DIRECTIONS:
Reproduce exactly the lines of the listing from the one containing "proof eventually_elim" to its final line, both included.

_ _ _ _ _

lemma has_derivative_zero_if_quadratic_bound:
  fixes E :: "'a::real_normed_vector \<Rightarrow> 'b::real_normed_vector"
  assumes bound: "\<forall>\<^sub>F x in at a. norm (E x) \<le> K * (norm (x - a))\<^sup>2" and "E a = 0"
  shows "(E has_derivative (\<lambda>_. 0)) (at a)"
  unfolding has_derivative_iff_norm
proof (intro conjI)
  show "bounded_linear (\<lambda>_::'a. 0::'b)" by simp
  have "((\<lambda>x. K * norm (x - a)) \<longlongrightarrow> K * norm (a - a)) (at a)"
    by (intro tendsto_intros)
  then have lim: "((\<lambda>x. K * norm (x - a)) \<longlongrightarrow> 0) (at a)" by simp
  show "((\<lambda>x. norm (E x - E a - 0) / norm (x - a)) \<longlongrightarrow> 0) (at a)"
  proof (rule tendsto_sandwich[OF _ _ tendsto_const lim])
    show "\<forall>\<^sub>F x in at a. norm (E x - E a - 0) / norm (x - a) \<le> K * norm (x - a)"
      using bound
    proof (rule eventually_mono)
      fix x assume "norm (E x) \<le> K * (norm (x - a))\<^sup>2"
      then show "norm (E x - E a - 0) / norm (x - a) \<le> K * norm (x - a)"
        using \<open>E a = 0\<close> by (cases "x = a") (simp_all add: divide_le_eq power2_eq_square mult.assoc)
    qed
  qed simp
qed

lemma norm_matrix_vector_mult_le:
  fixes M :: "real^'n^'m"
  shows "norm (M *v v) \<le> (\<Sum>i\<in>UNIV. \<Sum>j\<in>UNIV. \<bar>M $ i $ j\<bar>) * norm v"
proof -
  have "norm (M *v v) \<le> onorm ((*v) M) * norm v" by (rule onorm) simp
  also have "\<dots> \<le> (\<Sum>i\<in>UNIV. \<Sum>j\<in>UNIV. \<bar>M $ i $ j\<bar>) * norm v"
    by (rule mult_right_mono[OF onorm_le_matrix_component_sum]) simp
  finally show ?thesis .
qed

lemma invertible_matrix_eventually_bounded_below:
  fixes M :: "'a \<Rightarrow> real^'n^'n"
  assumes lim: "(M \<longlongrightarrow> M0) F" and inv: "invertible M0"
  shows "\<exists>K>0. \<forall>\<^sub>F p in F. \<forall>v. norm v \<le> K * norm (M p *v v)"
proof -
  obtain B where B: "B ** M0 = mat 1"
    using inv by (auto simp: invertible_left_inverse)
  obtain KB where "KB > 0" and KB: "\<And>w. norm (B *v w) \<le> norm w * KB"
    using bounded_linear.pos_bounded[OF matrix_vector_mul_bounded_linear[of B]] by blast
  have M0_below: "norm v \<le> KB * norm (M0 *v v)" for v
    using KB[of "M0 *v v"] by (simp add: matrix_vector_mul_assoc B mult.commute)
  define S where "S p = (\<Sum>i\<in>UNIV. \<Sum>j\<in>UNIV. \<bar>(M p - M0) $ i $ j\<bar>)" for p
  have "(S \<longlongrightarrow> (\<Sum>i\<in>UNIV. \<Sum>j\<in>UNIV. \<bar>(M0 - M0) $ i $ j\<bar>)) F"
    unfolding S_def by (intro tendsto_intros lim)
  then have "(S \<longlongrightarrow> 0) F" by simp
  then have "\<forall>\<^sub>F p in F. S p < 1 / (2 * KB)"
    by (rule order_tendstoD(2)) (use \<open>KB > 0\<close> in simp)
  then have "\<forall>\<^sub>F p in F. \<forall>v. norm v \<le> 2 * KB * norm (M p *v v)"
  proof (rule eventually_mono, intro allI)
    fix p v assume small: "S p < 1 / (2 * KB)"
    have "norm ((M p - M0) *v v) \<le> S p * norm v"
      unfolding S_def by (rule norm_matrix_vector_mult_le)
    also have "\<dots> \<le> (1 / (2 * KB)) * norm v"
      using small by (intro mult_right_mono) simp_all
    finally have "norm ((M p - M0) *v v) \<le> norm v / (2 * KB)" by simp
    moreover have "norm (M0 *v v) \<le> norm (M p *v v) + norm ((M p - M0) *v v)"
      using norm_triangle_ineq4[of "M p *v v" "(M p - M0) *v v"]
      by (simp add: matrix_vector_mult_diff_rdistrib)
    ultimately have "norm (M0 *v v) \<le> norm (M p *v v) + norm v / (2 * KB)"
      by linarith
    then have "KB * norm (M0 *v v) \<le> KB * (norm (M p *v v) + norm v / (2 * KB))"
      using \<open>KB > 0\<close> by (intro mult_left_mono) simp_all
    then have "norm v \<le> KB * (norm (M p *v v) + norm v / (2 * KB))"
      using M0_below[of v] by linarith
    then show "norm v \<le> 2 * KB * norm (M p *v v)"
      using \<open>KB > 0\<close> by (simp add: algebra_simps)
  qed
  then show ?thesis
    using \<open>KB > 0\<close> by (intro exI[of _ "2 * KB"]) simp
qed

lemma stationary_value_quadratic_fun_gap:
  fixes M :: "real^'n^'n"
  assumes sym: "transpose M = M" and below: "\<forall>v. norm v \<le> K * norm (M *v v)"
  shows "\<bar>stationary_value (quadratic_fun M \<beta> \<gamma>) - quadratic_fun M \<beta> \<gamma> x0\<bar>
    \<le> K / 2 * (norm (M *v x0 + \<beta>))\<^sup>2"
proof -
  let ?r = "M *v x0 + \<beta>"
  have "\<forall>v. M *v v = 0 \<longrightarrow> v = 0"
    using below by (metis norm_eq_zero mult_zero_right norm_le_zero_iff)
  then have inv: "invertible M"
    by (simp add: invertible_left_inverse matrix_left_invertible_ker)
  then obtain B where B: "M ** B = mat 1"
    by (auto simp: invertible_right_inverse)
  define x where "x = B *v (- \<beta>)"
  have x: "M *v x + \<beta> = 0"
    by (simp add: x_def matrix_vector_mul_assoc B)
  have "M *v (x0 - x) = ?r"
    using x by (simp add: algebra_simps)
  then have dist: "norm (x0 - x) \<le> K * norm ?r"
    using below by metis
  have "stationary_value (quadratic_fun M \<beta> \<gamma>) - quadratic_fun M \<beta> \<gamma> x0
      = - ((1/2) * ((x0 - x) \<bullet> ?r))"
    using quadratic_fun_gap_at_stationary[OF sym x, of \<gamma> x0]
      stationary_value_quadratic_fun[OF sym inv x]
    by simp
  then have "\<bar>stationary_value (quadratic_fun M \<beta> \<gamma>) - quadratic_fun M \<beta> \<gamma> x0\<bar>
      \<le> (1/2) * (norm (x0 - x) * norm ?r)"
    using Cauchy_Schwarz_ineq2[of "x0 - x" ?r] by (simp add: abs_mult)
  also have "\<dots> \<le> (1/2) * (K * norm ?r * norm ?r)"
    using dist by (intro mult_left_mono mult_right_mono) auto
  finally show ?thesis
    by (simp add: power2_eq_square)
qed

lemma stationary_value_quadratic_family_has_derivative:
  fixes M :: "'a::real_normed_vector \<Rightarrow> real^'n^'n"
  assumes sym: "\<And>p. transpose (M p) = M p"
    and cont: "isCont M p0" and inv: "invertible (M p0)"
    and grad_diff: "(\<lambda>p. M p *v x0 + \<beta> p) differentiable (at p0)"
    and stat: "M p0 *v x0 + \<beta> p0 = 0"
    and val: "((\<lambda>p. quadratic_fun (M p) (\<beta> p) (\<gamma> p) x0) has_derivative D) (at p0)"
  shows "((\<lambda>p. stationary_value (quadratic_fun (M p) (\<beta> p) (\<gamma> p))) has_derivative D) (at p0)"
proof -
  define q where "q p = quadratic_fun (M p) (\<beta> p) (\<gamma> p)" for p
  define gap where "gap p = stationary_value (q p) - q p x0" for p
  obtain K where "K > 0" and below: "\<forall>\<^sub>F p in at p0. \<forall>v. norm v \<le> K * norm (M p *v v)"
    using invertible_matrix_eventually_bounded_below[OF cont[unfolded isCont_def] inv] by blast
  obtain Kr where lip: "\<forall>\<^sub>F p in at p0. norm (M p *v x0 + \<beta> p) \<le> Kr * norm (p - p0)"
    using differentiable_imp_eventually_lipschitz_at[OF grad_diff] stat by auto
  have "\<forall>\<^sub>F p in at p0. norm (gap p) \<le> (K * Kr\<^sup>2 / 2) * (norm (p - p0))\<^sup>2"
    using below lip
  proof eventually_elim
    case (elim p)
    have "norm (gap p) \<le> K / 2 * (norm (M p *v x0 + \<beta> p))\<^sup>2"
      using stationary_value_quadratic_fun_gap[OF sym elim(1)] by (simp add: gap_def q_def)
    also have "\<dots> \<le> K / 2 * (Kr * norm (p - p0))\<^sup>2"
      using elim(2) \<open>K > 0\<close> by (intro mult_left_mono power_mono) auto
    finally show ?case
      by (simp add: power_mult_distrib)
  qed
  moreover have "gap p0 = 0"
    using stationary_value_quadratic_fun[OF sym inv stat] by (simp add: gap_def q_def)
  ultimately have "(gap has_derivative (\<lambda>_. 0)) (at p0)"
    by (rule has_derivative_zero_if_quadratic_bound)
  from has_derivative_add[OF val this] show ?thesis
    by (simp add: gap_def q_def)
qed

_ _ _ _ _

TASK SOLUTION:
  proof eventually_elim
    case (elim p)
    have "norm (gap p) \<le> K / 2 * (norm (M p *v x0 + \<beta> p))\<^sup>2"
      using stationary_value_quadratic_fun_gap[OF sym elim(1)] by (simp add: gap_def q_def)
    also have "\<dots> \<le> K / 2 * (Kr * norm (p - p0))\<^sup>2"
      using elim(2) \<open>K > 0\<close> by (intro mult_left_mono power_mono) auto
    finally show ?case
      by (simp add: power_mult_distrib)
  qed
  moreover have "gap p0 = 0"
    using stationary_value_quadratic_fun[OF sym inv stat] by (simp add: gap_def q_def)
  ultimately have "(gap has_derivative (\<lambda>_. 0)) (at p0)"
    by (rule has_derivative_zero_if_quadratic_bound)
  from has_derivative_add[OF val this] show ?thesis
    by (simp add: gap_def q_def)
qed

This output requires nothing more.